PCI Security Policies and You - Part 3

When the going gets tough, the tough get help.

At least that's how I look at it, especially when dealing with policy development.

An automated PCI security policy template is a productivity tool that makes sense. A tool - any tool - can't write a good policy for you. What it can do, however, is give you a starting point and guide you along the way to developing all the policies you need. A good tool provides a discipline and thoroughness to keep you from missing something important. It also saves you and your colleagues time and effort by letting you focus on what is important: developing actual policy details that work for your school.

A good security policy template provides you with a structure while preserving flexibility. It also should lead you to additional resources where this can be useful. I've provided an example of this above for a policy addressing web application security policy. (Yes, I know it's impossible to read, but if you click on it you should get an enlarged version.)

Another feature to look for in a policy template is the ability to cross-reference your policies to the PCI requirements. I'm not saying that your policies have to mimic the DSS numbering system, but being able to cross-reference your policies to the DSS can be a time saver.

So the obvious question is where can you find a security policy template? The obvious first answer may be to search the web, but my personal opinion is that this would be one case where Google is not your friend: I searched for "security policy template" and turned up over 41 million links.

A better approach would be to start with the public sources noted in the previous post. Some of these sources may have templates although I'm not sure all are PCI-specific. You also can ask your QSA if they have a policy template tool. Many QSA firms have templates that you can buy and use on your own or with additional consulting assistance. Either way you get a tool that is designed to help you write high quality PCI security policies in the fastest and (hopefully) most painless way.
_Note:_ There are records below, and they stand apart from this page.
(* Let $k \in \mathbb{N}$ with $k > 3$. Then for any $q \in \mathbb{N}$ such that $q = 1$ or $q < \frac{k}{4}$, there exist $a_1, \dots, a_q \in \mathbb{N}$ such that for every $N \in \mathbb{N}$ there exists an $(a_1, \dots, a_k)$-flip graph for some $a_{q+1}, \dots, a_k \in \mathbb{N}$ with $a_k > N$.
   Context: For a graph $G$ with an edge-colouring $f\colon E(G)\to\{1,\dots,k\}$ and $1\le j\le k$: $e_j[v]$ is the number of edges coloured $j$ in the subgraph induced by the closed neighbourhood $N[v]$ of $v$, and $\deg_j(v)$ is the number of edges coloured $j$ incident to $v$. Given a strictly increasing sequence of positive integers $(a_1,\dots,a_k)$, a $d$-regular graph $G$ with $d=\sum_j a_j$ is an $(a_1,\dots,a_k)$-flip graph if there is an edge-colouring with colours $\{1,\dots,k\}$ such that $\deg_j(v)=a_j$ for all vertices $v$ and all $j$, and $e_k[v]<e_{k-1}[v]<\dots<e_1[v]$ for every vertex $v$. *)

theory Defs
  imports Main
begin

definition simple_graph :: "'v set \<Rightarrow> 'v set set \<Rightarrow> bool" where
  "simple_graph V E \<longleftrightarrow> finite V \<and>
     (\<forall>e\<in>E. \<exists>u v. e = {u, v} \<and> u \<noteq> v \<and> u \<in> V \<and> v \<in> V)"

definition closed_nbhd :: "'v set set \<Rightarrow> 'v \<Rightarrow> 'v set" where
  "closed_nbhd E v = insert v {u. {u, v} \<in> E}"

definition degree :: "'v set set \<Rightarrow> 'v \<Rightarrow> nat" where
  "degree E v = card {e\<in>E. v \<in> e}"

definition col_degree :: "'v set set \<Rightarrow> ('v set \<Rightarrow> nat) \<Rightarrow> nat \<Rightarrow> 'v \<Rightarrow> nat" where
  "col_degree E f j v = card {e\<in>E. v \<in> e \<and> f e = j}"

definition col_edges_nbhd :: "'v set set \<Rightarrow> ('v set \<Rightarrow> nat) \<Rightarrow> nat \<Rightarrow> 'v \<Rightarrow> nat" where
  "col_edges_nbhd E f j v = card {e\<in>E. e \<subseteq> closed_nbhd E v \<and> f e = j}"

text \<open>(a_1,...,a_k)-flip graph; the sequence is a :: nat => nat read on indices 1..k.\<close>
definition flip_graph :: "nat \<Rightarrow> (nat \<Rightarrow> nat) \<Rightarrow> 'v set \<Rightarrow> 'v set set \<Rightarrow> bool" where
  "flip_graph k a V E \<longleftrightarrow>
     k \<ge> 1 \<and> 0 < a 1 \<and> (\<forall>j\<in>{1..<k}. a j < a (Suc j)) \<and>
     simple_graph V E \<and> V \<noteq> {} \<and>
     (\<forall>v\<in>V. degree E v = (\<Sum>j=1..k. a j)) \<and>
     (\<exists>f. (\<forall>e\<in>E. f e \<in> {1..k}) \<and>
          (\<forall>v\<in>V. (\<forall>j\<in>{1..k}. col_degree E f j v = a j) \<and>
                  (\<forall>j\<in>{1..<k}. col_edges_nbhd E f (Suc j) v < col_edges_nbhd E f j v)))"

end

theory Submission
  imports Defs "HOL-Library.Countable" "HOL-Number_Theory.Cong"
begin
lemma Lnorm_ge_on_subinterval:
  fixes a b u v L :: real
  assumes q: "0 < q" and uv: "u < v" "{u..v} \<subseteq> {a..b}" and L: "0 \<le> L"
    and bound: "\<And>x. x \<in> {u..v} \<Longrightarrow> L \<le> \<bar>g x\<bar>"
  shows "ereal (L * (v - u) powr inv_exp q) \<le> Lnorm q {a..b} g"
proof -
  let ?M = "lebesgue_on {a..b}"
  have uv_sets: "{u..v} \<in> sets ?M" and uv_measure: "emeasure ?M {u..v} = ennreal (v - u)"
    using uv by (simp_all add: sets_restrict_space_iff emeasure_restrict_space)
  show ?thesis
  proof (cases "q = \<infinity>")
    case True
    have "ereal L \<le> esssup ?M (\<lambda>x. ereal \<bar>g x\<bar>)"
      using uv_sets uv_measure uv bound by (intro esssup_ge_on_non_null_set) auto
    then show ?thesis using True uv by (simp add: Lnorm_def inv_exp_def max.coboundedI2)
  next
    case False
    define r where "r = real_of_ereal q"
    have r: "0 < r" "q = ereal r" using q False unfolding r_def by (cases q; auto)+
    define I where "I = (\<integral>\<^sup>+ x. ennreal (\<bar>g x\<bar> powr r) \<partial>?M)"
    have "ennreal (L powr r * (v - u)) = (\<integral>\<^sup>+ x. ennreal (L powr r) * indicator {u..v} x \<partial>?M)"
      using uv_sets uv_measure uv by (simp add: nn_integral_cmult_indicator ennreal_mult)
    also have "\<dots> \<le> I"
      unfolding I_def using bound L r
      by (intro nn_integral_mono) (auto simp: indicator_def intro!: ennreal_leI powr_mono2)
    finally have I: "ennreal (L powr r * (v - u)) \<le> I" .
    show ?thesis
    proof (cases "I = \<infinity>")
      case True
      then show ?thesis using r unfolding Lnorm_def I_def by (simp add: Let_def)
    next
      case False
      have "L powr r * (v - u) \<le> enn2real I"
        using enn2real_mono[OF I] False L uv by (simp add: less_top)
      then have "(L powr r * (v - u)) powr (1 / r) \<le> enn2real I powr (1 / r)"
        using L uv r by (intro powr_mono2) auto
      moreover have "(L powr r * (v - u)) powr (1 / r) = L * (v - u) powr (1 / r)"
        using L uv r by (simp add: powr_mult powr_powr)
      ultimately show ?thesis
        using r False unfolding Lnorm_def I_def by (simp add: Let_def inv_exp_def)
    qed
  qed
qed
lemma TPbr_apply:
  "TPbr a2 a3 a4 u v k = (if k = 2 then a2 * (u 1 * v 2 - u 2 * v 1)
    else if k = 3 then a3 * (u 1 * v 2 - u 2 * v 1) + 2 * a2 * (u 1 * v 3 - u 3 * v 1)
    else if k = 4 then a4 * (u 1 * v 2 - u 2 * v 1) + 2 * a3 * (u 1 * v 3 - u 3 * v 1)
      + 3 * a2 * (u 1 * v 4 - u 4 * v 1) + a2 * (u 2 * v 3 - u 3 * v 2) else 0)"
  unfolding TPbr_def bil_def sum_atLeastAtMost_1_4
  by (cases k rule: index_cases) (auto simp: alph_def algebra_simps)

lemma TPbr_V4: "TPbr a2 a3 a4 x y \<in> V4"
  by (simp add: V4_iff TPbr_apply)

lemma mu04_basis_vec_mult:
  "mu04 (basis_vec 1) (basis_vec 1) = basis_vec 2"
  "mu04 (basis_vec 1) (basis_vec 2) = basis_vec 3"
  "mu04 (basis_vec 1) (basis_vec 3) = basis_vec 4"
  "mu04 (basis_vec 1) (basis_vec 4) = 0"
  "mu04 (basis_vec 2) (basis_vec 1) = basis_vec 3"
  "mu04 (basis_vec 2) (basis_vec 2) = basis_vec 4"
  by (simp_all add: fun_eq_iff mu04_apply basis_vec_def)

lemma TPbr_V4_bilinear: "V4_bilinear (TPbr a2 a3 a4)"
  unfolding TPbr_def by (rule bil_V4_bilinear)

lemma TPbr_antisym: "TPbr a2 a3 a4 y x = - TPbr a2 a3 a4 x y"
  by (simp add: fun_eq_iff TPbr_apply algebra_simps)

lemma TPbr_self: "TPbr a2 a3 a4 x x = 0"
  by (simp add: fun_eq_iff TPbr_apply)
There will be a cost for the templates and for additional support, but compared to the person-hours you will save over developing your own policies from scratch the investment may make sense.

Another approach is to take advantage of the fact that Higher Ed institutions collaborate. Check with your peers who are managing the PCI program for their schools to see if they have policies that you might be able to use as a guide. They may not be able to solve all your needs, but maybe they can give you a start.

I am planning on a session at the Treasury Institute's PCI Workshop in May addressing PCI policy development. Several individuals have volunteered to help, so I am hopeful we will have a good discussion. (You have registered for the Workshop, right...?)

In the meantime, give a thought to using a policy template. Your PCI policies do not have to be long, wordy documents. My own belief is that policies should be simple declarative sentences. The fewer words the better. Your procedures may be more lengthy, but the policies can be straightforward, so don't fall into the trap of making them cover every possible contingency.

That's another advantage of a template: it keeps you focused.